I am one of your biggest fans and I really appreciate all your work for the Oracle community; I am new to Oracle and I have a problem I need help with.
I have two tables with two columns. They both have values that I need to find the similar values of. For example, say the first column has Jeff Shapiro clinical and the second column in the second table may have something like clinic of Jeff Shapiro.
How can I achieve that and find the similar values between the two tables-- is SQL better or PL/SQL? Do we use like contains or regexp? Will a domain index help here?
Wow! I have a fan! Aside from my family, that makes you pretty much my #1 fan.
The last time I saw this class of problem addressed was in the marketing industry for candies. Manual Data Entry injects all manner of “similar-but-different” strings, from differing abbreviations to misspellings. The algorithm was very complex and sophisticated, yet was fast enough (in C) to process millions of records.
- First, we parsed out all of the tokens.
- Then we normalized the tokens from a dictionary, converting abbreviations and shortenings to a standardized abbreviation.

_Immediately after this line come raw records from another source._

(* Let $A$ be a stationary, co-stationary subset of $\omega_1$, let $T$ be the tree of all countable closed (compact in the order topology of $\omega_1$) subsets of $A$ ordered by $s\le t$ iff $s$ is an initial part of $t$, and let $P(T)$ be the set of all paths of $T$ (downward closed linearly ordered subsets of $T$), viewed as a subspace of $2^T$ via characteristic functions. Then $P(T)$ is a Corson compactum, and the square $P(T)\times P(T)$ is not $nwd$-separable (hence not $d$-separable).
   Context: A Corson compactum is a compact space embeddable in $\Sigma(\mathbb{R}^\kappa)=\{x\in\mathbb{R}^\kappa:|\{\alpha:x(\alpha)\neq0\}|\le\omega\}$ for some cardinal $\kappa$. A space is $d$-separable if it has a dense subset which is a countable union of discrete subspaces; it is $nwd$-separable if it has a dense subset which is a countable union of nowhere dense subsets. *)

theory Defs
  imports "HOL-Analysis.Analysis"
begin

text \<open>The ordinal omega_1 is modelled by a type 'a of class wellorder carrying the
order topology (class linorder_topology), which is uncountable while every proper
initial segment is countable.\<close>

definition omega1_like :: "'a::{wellorder,linorder_topology} itself \<Rightarrow> bool" where
  "omega1_like _ \<longleftrightarrow> uncountable (UNIV :: 'a set) \<and> (\<forall>x::'a. countable {..<x})"

definition club :: "('a::{wellorder,linorder_topology}) set \<Rightarrow> bool" where
  "club C \<longleftrightarrow> closed C \<and> (\<forall>x. \<exists>y\<in>C. x < y)"

definition stationary :: "('a::{wellorder,linorder_topology}) set \<Rightarrow> bool" where
  "stationary A \<longleftrightarrow> (\<forall>C. club C \<longrightarrow> A \<inter> C \<noteq> {})"

definition ccs_tree :: "('a::{wellorder,linorder_topology}) set \<Rightarrow> 'a set set" where
  "ccs_tree A = {s. s \<subseteq> A \<and> countable s \<and> compact s}"

definition initial_part :: "('a::linorder) set \<Rightarrow> 'a set \<Rightarrow> bool" where
  "initial_part s t \<longleftrightarrow> s \<subseteq> t \<and> (\<forall>x\<in>s. \<forall>y\<in>t. y \<le> x \<longrightarrow> y \<in> s)"

definition tree_paths :: "('a::linorder) set set \<Rightarrow> 'a set set set" where
  "tree_paths T = {p. p \<subseteq> T
      \<and> (\<forall>t\<in>p. \<forall>s\<in>T. initial_part s t \<longrightarrow> s \<in> p)
      \<and> (\<forall>s\<in>p. \<forall>t\<in>p. initial_part s t \<or> initial_part t s)}"

definition path_space :: "('a::linorder) set set \<Rightarrow> ('a set \<Rightarrow> bool) topology" where
  "path_space T = subtopology (product_topology (\<lambda>_. discrete_topology (UNIV::bool set)) T)
                     ((\<lambda>p. restrict (\<lambda>t. t \<in> p) T) ` tree_paths T)"

definition sigma_product :: "'i set \<Rightarrow> ('i \<Rightarrow> real) set" where
  "sigma_product I = {x \<in> PiE I (\<lambda>_. UNIV). countable {i\<in>I. x i \<noteq> 0}}"

text \<open>Corson compactum. Index sets are drawn from the type 'x * nat, whose
cardinality is at least |X| + aleph_0, which suffices for every kappa.\<close>
definition corson_compactum :: "'x topology \<Rightarrow> bool" where
  "corson_compactum X \<longleftrightarrow> compact_space X \<and>
     (\<exists>(I::('x \<times> nat) set) f. embedding_map X
        (subtopology (product_topology (\<lambda>_. euclideanreal) I) (sigma_product I)) f)"

definition nowhere_dense_in :: "'x topology \<Rightarrow> 'x set \<Rightarrow> bool" where
  "nowhere_dense_in X N \<longleftrightarrow> N \<subseteq> topspace X \<and> X interior_of (X closure_of N) = {}"

definition discrete_subspace :: "'x topology \<Rightarrow> 'x set \<Rightarrow> bool" where
  "discrete_subspace X D \<longleftrightarrow> D \<subseteq> topspace X \<and> subtopology X D = discrete_topology D"

definition dense_in :: "'x topology \<Rightarrow> 'x set \<Rightarrow> bool" where
  "dense_in X D \<longleftrightarrow> D \<subseteq> topspace X \<and> X closure_of D = topspace X"

definition d_separable :: "'x topology \<Rightarrow> bool" where
  "d_separable X \<longleftrightarrow> (\<exists>N::nat \<Rightarrow> 'x set. dense_in X (\<Union>(range N))
      \<and> (\<forall>n. discrete_subspace X (N n)))"

definition nwd_separable :: "'x topology \<Rightarrow> bool" where
  "nwd_separable X \<longleftrightarrow> (\<exists>N::nat \<Rightarrow> 'x set. dense_in X (\<Union>(range N))
      \<and> (\<forall>n. nowhere_dense_in X (N n)))"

We threw away connector words like “the”. Our dictionary had each synonym and their standardized token, i.e., STICK<-STK,STIK,SK.
- If an exact match wasn’t located, we scanned the token one character at a time, granting a weight to each character position. If the sums of the weights fell within 95% of the nearest standardized keyword, we considered it a match. Otherwise, we tossed it to a human to discern the token. Humans are really good at taking incomplete information and discerning the completed pattern.
- Then the completed set of converted tokens could be analyzed for matches (and in no particular order, too).
The only thing I can add is, it isn’t going to be easy.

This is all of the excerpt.